## Exercise aim
In the entries that follow, find the line containing "using indep_augment[OF M]", then output exactly every line from the first through that one.

——

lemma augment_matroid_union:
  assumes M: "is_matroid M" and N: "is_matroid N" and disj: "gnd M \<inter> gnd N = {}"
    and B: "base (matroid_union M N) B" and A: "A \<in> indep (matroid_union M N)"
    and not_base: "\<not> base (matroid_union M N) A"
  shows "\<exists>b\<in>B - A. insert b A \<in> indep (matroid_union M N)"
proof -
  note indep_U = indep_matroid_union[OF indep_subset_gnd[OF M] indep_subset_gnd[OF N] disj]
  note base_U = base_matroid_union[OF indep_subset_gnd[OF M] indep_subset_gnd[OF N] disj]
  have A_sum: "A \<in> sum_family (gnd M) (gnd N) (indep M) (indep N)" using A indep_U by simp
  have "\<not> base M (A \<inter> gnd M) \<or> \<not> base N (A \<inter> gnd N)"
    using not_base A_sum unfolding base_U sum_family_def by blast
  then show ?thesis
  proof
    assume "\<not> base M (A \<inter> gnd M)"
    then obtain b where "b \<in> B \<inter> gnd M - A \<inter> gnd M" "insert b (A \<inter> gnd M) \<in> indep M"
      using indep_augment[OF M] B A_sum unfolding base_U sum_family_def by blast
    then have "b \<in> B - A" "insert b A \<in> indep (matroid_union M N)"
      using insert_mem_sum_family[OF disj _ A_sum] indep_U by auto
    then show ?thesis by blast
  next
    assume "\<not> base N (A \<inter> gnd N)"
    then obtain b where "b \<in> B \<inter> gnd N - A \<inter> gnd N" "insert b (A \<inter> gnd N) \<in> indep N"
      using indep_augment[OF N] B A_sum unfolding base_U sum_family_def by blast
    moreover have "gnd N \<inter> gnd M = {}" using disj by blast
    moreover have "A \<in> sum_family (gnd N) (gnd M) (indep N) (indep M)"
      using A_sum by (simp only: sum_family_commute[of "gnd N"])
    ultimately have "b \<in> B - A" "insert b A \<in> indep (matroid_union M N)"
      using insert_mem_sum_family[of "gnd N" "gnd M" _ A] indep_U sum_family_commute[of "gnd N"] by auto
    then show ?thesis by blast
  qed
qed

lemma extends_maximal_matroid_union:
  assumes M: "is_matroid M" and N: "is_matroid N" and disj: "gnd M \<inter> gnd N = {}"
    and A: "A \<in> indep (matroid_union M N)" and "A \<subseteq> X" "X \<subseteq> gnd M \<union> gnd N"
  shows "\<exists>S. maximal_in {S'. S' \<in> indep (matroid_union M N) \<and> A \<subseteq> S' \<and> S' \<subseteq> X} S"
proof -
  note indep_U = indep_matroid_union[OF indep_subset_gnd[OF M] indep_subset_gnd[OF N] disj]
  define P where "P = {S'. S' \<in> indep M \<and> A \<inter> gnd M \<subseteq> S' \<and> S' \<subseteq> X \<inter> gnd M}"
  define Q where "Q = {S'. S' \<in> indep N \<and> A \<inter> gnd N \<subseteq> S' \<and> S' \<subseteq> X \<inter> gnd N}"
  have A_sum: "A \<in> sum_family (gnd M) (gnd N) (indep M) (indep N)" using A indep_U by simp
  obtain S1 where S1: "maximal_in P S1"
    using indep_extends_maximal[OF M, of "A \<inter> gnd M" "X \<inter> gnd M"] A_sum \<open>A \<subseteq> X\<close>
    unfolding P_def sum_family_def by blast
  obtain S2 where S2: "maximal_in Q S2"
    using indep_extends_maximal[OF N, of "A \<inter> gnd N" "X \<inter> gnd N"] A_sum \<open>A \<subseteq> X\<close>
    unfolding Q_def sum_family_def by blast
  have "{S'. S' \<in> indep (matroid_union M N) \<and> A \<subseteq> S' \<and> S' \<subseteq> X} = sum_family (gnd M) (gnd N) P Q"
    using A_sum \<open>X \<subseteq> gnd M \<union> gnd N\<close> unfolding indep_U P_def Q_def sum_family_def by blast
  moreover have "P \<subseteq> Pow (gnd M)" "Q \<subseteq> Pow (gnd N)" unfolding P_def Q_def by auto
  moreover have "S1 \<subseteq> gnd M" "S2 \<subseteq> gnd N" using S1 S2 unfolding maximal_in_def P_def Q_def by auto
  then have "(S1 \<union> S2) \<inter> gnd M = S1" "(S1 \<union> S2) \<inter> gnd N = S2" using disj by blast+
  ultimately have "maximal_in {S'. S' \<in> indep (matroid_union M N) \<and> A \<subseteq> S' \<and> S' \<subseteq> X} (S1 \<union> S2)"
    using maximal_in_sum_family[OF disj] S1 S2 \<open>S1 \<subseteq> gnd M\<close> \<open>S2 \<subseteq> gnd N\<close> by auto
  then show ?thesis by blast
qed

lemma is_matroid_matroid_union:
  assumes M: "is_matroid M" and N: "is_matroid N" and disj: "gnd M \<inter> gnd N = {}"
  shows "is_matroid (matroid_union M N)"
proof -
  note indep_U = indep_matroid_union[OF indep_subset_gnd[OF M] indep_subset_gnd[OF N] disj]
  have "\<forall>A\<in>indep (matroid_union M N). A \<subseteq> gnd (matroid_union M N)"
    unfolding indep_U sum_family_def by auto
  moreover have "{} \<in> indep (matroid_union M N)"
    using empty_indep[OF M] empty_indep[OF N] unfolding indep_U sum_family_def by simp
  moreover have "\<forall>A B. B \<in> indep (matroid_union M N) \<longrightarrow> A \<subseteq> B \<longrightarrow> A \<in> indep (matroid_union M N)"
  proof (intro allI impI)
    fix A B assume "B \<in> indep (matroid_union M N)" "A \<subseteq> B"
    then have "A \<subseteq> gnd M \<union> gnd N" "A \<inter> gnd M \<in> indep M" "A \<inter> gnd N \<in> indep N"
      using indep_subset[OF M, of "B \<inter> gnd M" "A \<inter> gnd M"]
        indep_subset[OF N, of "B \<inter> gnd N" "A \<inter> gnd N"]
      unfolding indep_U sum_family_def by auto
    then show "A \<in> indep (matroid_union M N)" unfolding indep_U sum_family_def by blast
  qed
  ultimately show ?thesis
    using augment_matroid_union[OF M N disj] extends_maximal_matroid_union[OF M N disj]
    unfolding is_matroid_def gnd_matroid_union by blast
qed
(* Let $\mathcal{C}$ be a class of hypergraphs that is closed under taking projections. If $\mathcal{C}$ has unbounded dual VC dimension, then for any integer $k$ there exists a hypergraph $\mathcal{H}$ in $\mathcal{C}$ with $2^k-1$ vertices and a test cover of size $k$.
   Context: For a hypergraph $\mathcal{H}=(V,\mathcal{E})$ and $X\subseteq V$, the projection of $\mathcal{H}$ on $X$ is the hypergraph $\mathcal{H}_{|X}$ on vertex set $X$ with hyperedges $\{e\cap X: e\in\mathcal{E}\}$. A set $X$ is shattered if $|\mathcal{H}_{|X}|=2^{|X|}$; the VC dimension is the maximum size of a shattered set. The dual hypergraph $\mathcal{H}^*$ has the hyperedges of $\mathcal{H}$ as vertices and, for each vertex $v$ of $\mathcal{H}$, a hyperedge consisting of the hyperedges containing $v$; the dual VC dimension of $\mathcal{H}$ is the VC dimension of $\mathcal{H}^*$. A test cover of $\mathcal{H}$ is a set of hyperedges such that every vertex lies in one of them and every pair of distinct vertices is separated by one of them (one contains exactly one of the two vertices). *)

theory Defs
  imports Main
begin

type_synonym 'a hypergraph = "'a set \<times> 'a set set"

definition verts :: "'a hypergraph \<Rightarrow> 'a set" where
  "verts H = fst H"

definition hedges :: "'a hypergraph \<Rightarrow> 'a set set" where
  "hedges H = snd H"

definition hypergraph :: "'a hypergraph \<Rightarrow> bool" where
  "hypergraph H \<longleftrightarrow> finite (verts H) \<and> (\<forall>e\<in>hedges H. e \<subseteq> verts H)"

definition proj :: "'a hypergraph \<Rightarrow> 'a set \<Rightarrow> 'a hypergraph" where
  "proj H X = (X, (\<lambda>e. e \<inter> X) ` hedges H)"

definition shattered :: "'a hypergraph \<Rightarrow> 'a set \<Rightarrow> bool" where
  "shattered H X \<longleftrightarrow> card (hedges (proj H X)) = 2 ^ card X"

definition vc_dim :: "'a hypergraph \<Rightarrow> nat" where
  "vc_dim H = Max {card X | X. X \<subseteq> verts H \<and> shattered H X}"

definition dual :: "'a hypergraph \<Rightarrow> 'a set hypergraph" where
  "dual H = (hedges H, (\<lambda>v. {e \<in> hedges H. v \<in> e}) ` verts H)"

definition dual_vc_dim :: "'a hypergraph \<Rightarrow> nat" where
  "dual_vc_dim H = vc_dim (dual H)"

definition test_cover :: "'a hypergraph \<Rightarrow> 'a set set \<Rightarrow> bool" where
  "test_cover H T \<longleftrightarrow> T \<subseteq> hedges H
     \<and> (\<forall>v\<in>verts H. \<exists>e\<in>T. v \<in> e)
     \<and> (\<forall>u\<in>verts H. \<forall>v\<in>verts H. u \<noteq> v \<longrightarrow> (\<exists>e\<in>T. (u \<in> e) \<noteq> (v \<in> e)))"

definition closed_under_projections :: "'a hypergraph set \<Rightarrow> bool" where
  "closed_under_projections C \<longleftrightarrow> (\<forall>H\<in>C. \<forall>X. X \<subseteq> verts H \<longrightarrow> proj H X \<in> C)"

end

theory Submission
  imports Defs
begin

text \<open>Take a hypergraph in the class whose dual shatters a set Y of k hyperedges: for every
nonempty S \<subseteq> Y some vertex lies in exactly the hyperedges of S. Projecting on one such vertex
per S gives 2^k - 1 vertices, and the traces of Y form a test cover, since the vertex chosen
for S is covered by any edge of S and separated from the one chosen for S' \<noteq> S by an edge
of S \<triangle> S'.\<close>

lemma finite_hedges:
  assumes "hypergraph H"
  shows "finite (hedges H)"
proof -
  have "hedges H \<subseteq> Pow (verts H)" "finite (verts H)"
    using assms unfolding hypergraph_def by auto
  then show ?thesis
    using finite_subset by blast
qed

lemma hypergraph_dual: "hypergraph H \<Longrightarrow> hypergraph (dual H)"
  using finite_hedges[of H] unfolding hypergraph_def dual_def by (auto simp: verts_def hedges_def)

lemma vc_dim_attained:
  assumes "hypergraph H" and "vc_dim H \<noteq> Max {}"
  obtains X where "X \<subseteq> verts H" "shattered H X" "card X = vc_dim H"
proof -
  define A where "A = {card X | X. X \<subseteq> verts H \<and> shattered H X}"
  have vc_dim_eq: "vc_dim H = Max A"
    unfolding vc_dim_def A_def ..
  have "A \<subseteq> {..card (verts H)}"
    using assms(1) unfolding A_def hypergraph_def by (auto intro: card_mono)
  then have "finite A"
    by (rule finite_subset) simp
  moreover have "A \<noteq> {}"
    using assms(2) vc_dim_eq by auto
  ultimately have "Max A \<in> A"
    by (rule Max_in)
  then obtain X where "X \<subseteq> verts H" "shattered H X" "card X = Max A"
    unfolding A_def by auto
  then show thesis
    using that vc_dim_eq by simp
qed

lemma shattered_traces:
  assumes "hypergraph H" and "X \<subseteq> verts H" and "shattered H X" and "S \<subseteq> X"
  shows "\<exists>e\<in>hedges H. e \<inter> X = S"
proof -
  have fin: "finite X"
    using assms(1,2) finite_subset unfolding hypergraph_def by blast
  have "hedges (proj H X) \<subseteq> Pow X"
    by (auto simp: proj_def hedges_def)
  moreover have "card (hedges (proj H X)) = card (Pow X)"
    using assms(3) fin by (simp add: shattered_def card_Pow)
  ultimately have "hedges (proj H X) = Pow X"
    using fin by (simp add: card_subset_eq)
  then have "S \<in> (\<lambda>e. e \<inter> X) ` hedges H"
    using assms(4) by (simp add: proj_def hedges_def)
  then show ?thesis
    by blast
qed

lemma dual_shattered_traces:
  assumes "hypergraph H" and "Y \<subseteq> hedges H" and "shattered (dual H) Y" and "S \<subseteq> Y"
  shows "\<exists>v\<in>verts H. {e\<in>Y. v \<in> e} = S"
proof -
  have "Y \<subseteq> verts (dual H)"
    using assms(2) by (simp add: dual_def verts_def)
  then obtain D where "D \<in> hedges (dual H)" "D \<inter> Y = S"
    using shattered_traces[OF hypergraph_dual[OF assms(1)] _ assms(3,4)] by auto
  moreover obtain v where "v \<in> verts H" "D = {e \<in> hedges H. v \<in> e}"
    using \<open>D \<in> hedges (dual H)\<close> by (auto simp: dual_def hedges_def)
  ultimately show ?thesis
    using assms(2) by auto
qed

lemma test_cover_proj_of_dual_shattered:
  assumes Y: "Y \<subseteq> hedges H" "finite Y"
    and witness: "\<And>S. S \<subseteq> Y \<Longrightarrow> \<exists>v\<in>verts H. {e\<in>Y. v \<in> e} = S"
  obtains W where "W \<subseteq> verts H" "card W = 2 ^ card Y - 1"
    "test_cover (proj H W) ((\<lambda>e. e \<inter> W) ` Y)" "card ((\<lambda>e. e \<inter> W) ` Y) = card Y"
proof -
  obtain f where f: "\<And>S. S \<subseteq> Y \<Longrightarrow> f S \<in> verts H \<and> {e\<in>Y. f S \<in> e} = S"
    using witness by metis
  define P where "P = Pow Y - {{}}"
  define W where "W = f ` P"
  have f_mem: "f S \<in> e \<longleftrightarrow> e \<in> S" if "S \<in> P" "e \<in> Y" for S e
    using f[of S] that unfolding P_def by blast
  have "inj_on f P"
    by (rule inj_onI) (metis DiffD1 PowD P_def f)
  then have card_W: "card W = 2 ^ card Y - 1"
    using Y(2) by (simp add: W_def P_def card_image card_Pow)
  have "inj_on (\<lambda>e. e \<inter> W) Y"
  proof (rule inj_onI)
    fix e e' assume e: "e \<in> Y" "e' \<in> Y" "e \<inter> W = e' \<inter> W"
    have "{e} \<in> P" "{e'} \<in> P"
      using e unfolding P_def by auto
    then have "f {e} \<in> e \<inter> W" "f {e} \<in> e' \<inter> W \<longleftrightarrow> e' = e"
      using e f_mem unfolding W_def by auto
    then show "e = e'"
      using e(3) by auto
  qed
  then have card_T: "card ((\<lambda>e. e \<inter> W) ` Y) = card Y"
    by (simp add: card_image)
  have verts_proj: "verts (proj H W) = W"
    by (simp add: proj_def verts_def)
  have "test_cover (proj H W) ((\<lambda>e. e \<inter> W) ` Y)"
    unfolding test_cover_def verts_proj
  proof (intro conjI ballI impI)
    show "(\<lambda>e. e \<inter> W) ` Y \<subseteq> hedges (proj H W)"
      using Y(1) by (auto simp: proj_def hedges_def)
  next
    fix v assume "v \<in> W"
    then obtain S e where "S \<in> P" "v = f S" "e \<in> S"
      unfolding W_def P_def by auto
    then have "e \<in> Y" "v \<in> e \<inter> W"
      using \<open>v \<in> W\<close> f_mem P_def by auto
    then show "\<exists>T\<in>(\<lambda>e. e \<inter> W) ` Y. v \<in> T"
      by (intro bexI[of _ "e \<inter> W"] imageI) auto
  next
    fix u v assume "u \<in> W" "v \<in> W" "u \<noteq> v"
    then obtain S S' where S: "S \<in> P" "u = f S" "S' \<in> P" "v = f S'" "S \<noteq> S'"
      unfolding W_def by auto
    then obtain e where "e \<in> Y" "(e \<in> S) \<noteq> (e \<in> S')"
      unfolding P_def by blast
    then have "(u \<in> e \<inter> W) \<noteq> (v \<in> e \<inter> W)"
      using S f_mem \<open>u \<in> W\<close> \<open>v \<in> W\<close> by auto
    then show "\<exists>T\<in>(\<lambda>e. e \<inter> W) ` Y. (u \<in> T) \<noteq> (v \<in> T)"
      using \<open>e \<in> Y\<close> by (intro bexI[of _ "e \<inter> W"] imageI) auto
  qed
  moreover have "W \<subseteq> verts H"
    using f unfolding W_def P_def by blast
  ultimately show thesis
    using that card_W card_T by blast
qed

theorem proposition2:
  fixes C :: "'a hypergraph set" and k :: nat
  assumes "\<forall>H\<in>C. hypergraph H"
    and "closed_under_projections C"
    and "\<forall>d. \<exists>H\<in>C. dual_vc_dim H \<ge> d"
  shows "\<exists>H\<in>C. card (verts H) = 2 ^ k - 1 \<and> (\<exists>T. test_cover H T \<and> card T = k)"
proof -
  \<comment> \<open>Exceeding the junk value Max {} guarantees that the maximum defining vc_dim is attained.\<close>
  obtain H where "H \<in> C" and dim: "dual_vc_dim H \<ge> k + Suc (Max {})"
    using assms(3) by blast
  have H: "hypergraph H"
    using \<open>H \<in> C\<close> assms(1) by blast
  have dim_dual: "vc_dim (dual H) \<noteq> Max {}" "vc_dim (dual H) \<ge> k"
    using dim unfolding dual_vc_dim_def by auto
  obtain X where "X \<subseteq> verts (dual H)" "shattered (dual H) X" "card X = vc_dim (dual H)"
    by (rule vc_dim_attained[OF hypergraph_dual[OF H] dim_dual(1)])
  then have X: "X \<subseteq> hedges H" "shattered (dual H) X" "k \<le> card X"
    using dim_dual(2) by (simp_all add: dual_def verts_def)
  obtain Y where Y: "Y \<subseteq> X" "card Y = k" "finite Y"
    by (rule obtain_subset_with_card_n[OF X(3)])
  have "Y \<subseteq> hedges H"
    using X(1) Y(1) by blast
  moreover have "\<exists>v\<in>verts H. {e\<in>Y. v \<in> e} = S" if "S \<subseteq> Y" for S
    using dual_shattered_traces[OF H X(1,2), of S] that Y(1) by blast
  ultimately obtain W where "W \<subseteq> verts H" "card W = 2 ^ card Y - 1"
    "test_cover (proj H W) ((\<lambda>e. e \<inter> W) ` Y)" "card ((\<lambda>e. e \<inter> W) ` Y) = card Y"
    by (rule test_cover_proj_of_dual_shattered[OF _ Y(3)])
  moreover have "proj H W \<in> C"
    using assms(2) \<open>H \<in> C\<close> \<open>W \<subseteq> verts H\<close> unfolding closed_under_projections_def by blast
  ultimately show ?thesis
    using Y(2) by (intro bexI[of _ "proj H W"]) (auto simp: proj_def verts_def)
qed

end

——

## Response to the task
lemma augment_matroid_union:
  assumes M: "is_matroid M" and N: "is_matroid N" and disj: "gnd M \<inter> gnd N = {}"
    and B: "base (matroid_union M N) B" and A: "A \<in> indep (matroid_union M N)"
    and not_base: "\<not> base (matroid_union M N) A"
  shows "\<exists>b\<in>B - A. insert b A \<in> indep (matroid_union M N)"
proof -
  note indep_U = indep_matroid_union[OF indep_subset_gnd[OF M] indep_subset_gnd[OF N] disj]
  note base_U = base_matroid_union[OF indep_subset_gnd[OF M] indep_subset_gnd[OF N] disj]
  have A_sum: "A \<in> sum_family (gnd M) (gnd N) (indep M) (indep N)" using A indep_U by simp
  have "\<not> base M (A \<inter> gnd M) \<or> \<not> base N (A \<inter> gnd N)"
    using not_base A_sum unfolding base_U sum_family_def by blast
  then show ?thesis
  proof
    assume "\<not> base M (A \<inter> gnd M)"
    then obtain b where "b \<in> B \<inter> gnd M - A \<inter> gnd M" "insert b (A \<inter> gnd M) \<in> indep M"
      using indep_augment[OF M] B A_sum unfolding base_U sum_family_def by blast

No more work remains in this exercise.